VMWare has the best virtual graphics performance IMHO. Hyper-V or Virtualbox is just painful in comparison. Until graphic vendors support partitioning GPU resources to allow sharing the main GPU to a VM using passthrough, it will likely remain one of the best options for many.


Yep, this is the exact reason. I started on Virtualbox but jumped over to VMWare because the graphics virtualization was too broken under Virtualbox to do testing for web browser development (I was interning at Mozilla at the time).


WSL2 works great for me, you should check it out


Disk performance can be a problem under WSL2, I ended up switching to Workstations after running into this issue: https://github.com/microsoft/WSL/issues/4197


Seems to more of a Defender issue than a WSL one, see https://github.com/microsoft/WSL/issues/8995

After adding exclusions for the fsnotifier-wsl process and and both variants of the WSL distro path my disk performance was improved.

Adding the idea64.exe process also helped since I was trying to run IntelliJ against projects inside WSL.
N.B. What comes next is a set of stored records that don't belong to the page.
(* If $V$ is a finite dimensional operator space, then the matrix unit ball of $V$ is operator compact.
   Context: The matrix unit ball of an operator space $V$ is the matrix set $(B_k)_k$ with $B_k$ the closed unit ball of $M_k(V)$. $\mathcal{K}$ denotes the compact operators on $\ell^2$ and $\mathcal{K}(V)=\mathcal{K}\check{\otimes}V$ the operator-space minimal tensor product (completion of $M_\infty(V)$, finitely supported infinite matrices over $V$). $\mathcal{T}$ is the trace class on $\ell^2$ as operator space dual of $\mathcal{K}$, $M_k(\mathcal{T})\cong\mathcal{CB}(\mathcal{K},M_k)$ with norm $\|\cdot\|_{\mathcal{T}}$, $M_\infty\subseteq\mathcal{T}$, and $(\sigma\otimes\mathrm{id})(x)\in M_k(V)$ is the slice map. A matrix set $\boldsymbol{X}=(X_k)$, $X_k\subseteq M_k(V)$, is operator compact if each $X_k$ is closed and there is $x\in\mathcal{K}(V)$ with $X_k\subseteq\overline{\{(\sigma\otimes\mathrm{id})(x):\sigma\in M_k(M_\infty),\|\sigma\|_{\mathcal{T}}\le1\}}$ for all $k$. *)

theory Defs
  imports "HOL-Analysis.Analysis"
begin

text \<open>Matrices over V (and over the scalars) are represented as functions
  nat => nat => _ ; a k x k matrix is one vanishing outside indices < k.
  Scalars are complex; V is an abstract complex vector space given by a
  scalar multiplication smul, and the operator space structure is given
  abstractly (Ruan) by a family of matrix norms nrm k on M_k(V).\<close>

definition mat_set :: "nat \<Rightarrow> (nat \<Rightarrow> nat \<Rightarrow> 'v::zero) set" where
  "mat_set k = {x. \<forall>i j. (k \<le> i \<or> k \<le> j) \<longrightarrow> x i j = 0}"

definition cmat_norm :: "nat \<Rightarrow> nat \<Rightarrow> (nat \<Rightarrow> nat \<Rightarrow> complex) \<Rightarrow> real" where
  "cmat_norm m n a = Sup {sqrt (\<Sum>i<m. (cmod (\<Sum>j<n. a i j * \<xi> j))^2) | \<xi>.
                          (\<Sum>j<n. (cmod (\<xi> j))^2) \<le> 1}"

definition mmul :: "(complex \<Rightarrow> 'v \<Rightarrow> 'v) \<Rightarrow> nat \<Rightarrow> nat \<Rightarrow> (nat \<Rightarrow> nat \<Rightarrow> complex)
    \<Rightarrow> (nat \<Rightarrow> nat \<Rightarrow> 'v::ab_group_add) \<Rightarrow> (nat \<Rightarrow> nat \<Rightarrow> complex) \<Rightarrow> (nat \<Rightarrow> nat \<Rightarrow> 'v)" where
  "mmul smul m n \<alpha> x \<beta> = (\<lambda>i j. if i < m \<and> j < m
      then (\<Sum>p<n. \<Sum>q<n. smul (\<alpha> i p * \<beta> q j) (x p q)) else 0)"

definition dsum :: "nat \<Rightarrow> nat \<Rightarrow> (nat \<Rightarrow> nat \<Rightarrow> 'v::zero) \<Rightarrow> (nat \<Rightarrow> nat \<Rightarrow> 'v) \<Rightarrow> (nat \<Rightarrow> nat \<Rightarrow> 'v)" where
  "dsum n m x y = (\<lambda>i j. if i < n \<and> j < n then x i j
      else if n \<le> i \<and> n \<le> j \<and> i < n + m \<and> j < n + m then y (i - n) (j - n) else 0)"

definition operator_space :: "(complex \<Rightarrow> 'v::ab_group_add \<Rightarrow> 'v) \<Rightarrow> (nat \<Rightarrow> (nat \<Rightarrow> nat \<Rightarrow> 'v) \<Rightarrow> real) \<Rightarrow> bool" where
  "operator_space smul nrm \<longleftrightarrow>
     vector_space smul \<and>
     (\<forall>k. \<forall>x\<in>mat_set k. 0 \<le> nrm k x \<and> (nrm k x = 0 \<longleftrightarrow> x = (\<lambda>i j. 0))) \<and>
     (\<forall>k. \<forall>x\<in>mat_set k. \<forall>y\<in>mat_set k. nrm k (\<lambda>i j. x i j + y i j) \<le> nrm k x + nrm k y) \<and>
     (\<forall>k c. \<forall>x\<in>mat_set k. nrm k (\<lambda>i j. smul c (x i j)) = cmod c * nrm k x) \<and>
     (\<forall>m n \<alpha> \<beta>. \<forall>x\<in>mat_set n.
        nrm m (mmul smul m n \<alpha> x \<beta>) \<le> cmat_norm m n \<alpha> * nrm n x * cmat_norm n m \<beta>) \<and>
     (\<forall>n m. \<forall>x\<in>mat_set n. \<forall>y\<in>mat_set m. nrm (n + m) (dsum n m x y) = max (nrm n x) (nrm m y))"

definition findim :: "(complex \<Rightarrow> 'v::ab_group_add \<Rightarrow> 'v) \<Rightarrow> bool" where
  "findim smul \<longleftrightarrow> (\<exists>B. finite B \<and> module.span smul B = UNIV)"

definition trunc :: "nat \<Rightarrow> (nat \<Rightarrow> nat \<Rightarrow> 'v::zero) \<Rightarrow> (nat \<Rightarrow> nat \<Rightarrow> 'v)" where
  "trunc n x = (\<lambda>i j. if i < n \<and> j < n then x i j else 0)"

text \<open>K(V), the completion of M_infinity(V), realised as the infinite matrices over V
  whose truncations form a Cauchy sequence (in the norm of M_infinity(V)).\<close>
definition KV :: "(nat \<Rightarrow> (nat \<Rightarrow> nat \<Rightarrow> 'v::ab_group_add) \<Rightarrow> real) \<Rightarrow> (nat \<Rightarrow> nat \<Rightarrow> 'v) set" where
  "KV nrm = {x. \<forall>\<epsilon>>0. \<exists>N. \<forall>m n. N \<le> m \<longrightarrow> N \<le> n \<longrightarrow>
       nrm (max m n) (\<lambda>i j. trunc m x i j - trunc n x i j) < \<epsilon>}"

text \<open>sigma in M_k(M_infinity): a k x k matrix of finitely supported scalar matrices.\<close>
definition fin_supp :: "nat \<Rightarrow> (nat \<Rightarrow> nat \<Rightarrow> nat \<Rightarrow> nat \<Rightarrow> complex) \<Rightarrow> bool" where
  "fin_supp N \<sigma> \<longleftrightarrow> (\<forall>i j u v. (N \<le> u \<or> N \<le> v) \<longrightarrow> \<sigma> i j u v = 0)"

text \<open>The map K -> M_k given by sigma (pairing <t,a> = sum t_uv a_uv), amplified to M_p(K) -> M_p(M_k);
  a in M_p(M_n) is encoded as a pn x pn matrix A, block (r,s) entry (u,v) = A (r*n+u) (s*n+v),
  and the result in M_p(M_k) as a pk x pk matrix.\<close>
definition sigma_ampl :: "nat \<Rightarrow> (nat \<Rightarrow> nat \<Rightarrow> nat \<Rightarrow> nat \<Rightarrow> complex) \<Rightarrow> nat \<Rightarrow>
    (nat \<Rightarrow> nat \<Rightarrow> complex) \<Rightarrow> (nat \<Rightarrow> nat \<Rightarrow> complex)" where
  "sigma_ampl k \<sigma> n A = (\<lambda>I J. \<Sum>u<n. \<Sum>v<n.
      \<sigma> (I mod k) (J mod k) u v * A ((I div k) * n + u) ((J div k) * n + v))"

text \<open>The trace class norm of sigma in M_k(T) = CB(K, M_k): the cb norm of the associated map.\<close>
definition tnorm :: "nat \<Rightarrow> (nat \<Rightarrow> nat \<Rightarrow> nat \<Rightarrow> nat \<Rightarrow> complex) \<Rightarrow> real" where
  "tnorm k \<sigma> = Sup {cmat_norm (p * k) (p * k) (sigma_ampl k \<sigma> n A) | p n A.
                      cmat_norm (p * n) (p * n) A \<le> 1}"

definition slice :: "(complex \<Rightarrow> 'v \<Rightarrow> 'v) \<Rightarrow> nat \<Rightarrow> nat \<Rightarrow> (nat \<Rightarrow> nat \<Rightarrow> nat \<Rightarrow> nat \<Rightarrow> complex)
    \<Rightarrow> (nat \<Rightarrow> nat \<Rightarrow> 'v::ab_group_add) \<Rightarrow> (nat \<Rightarrow> nat \<Rightarrow> 'v)" where
  "slice smul k N \<sigma> x = (\<lambda>i j. if i < k \<and> j < k
      then (\<Sum>u<N. \<Sum>v<N. smul (\<sigma> i j u v) (x u v)) else 0)"
theorem corollary11:
  fixes n :: nat
  assumes "n \<ge> 2"
  shows "appell (2 * n - 3) \<inter> gamma (n + 1) = appell (2 * n - 1)"
proof -
  obtain k where k: "n = Suc k"
    using assms by (cases n) auto
  have "gamma (n + 1) = lcs n"
    by (simp add: gamma_def)
  moreover have "appell (2 * n - 1) \<subseteq> lcs n"
    using appell_subset_lcs[of k] by (simp add: k)
  moreover have "appell (2 * n - 1) \<subseteq> appell (2 * n - 3)"
    by (auto simp: appell_def)
  moreover have "appell (2 * n - 3) \<inter> lcs n \<subseteq> appell (2 * n - 1)"
  proof
    fix x assume x: "x \<in> appell (2 * n - 3) \<inter> lcs n"
    then obtain g where xg: "x = (g, fps_X)"
      by (auto simp: appell_def)
    have "x \<in> riordan_level (2 * n)"
      using x lcs_subset_riordan_level by blast
    then show "x \<in> appell (2 * n - 1)"
      using assms by (auto simp: xg riordan_level_def appell_def fps_cong_def)
  qed
  ultimately show ?thesis
    by blast
qed

end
I'd say you've been screwed for a while already.


Its true but I've been able to lie to myself up until now


The theory is "we already have a finance, S&M, admin etc" so we will dump the other one wot we just bought. That will instantly fix up the PandL and BS and the share price will simply head north because we have dumped duplicated cost sinks. Loverly

Obviously, we won't bother to compare functions and functionality now 'coz ours will be the better one, 'cos its ours.

Broadcom seem to be a firm of breakers, shakers and dumpers.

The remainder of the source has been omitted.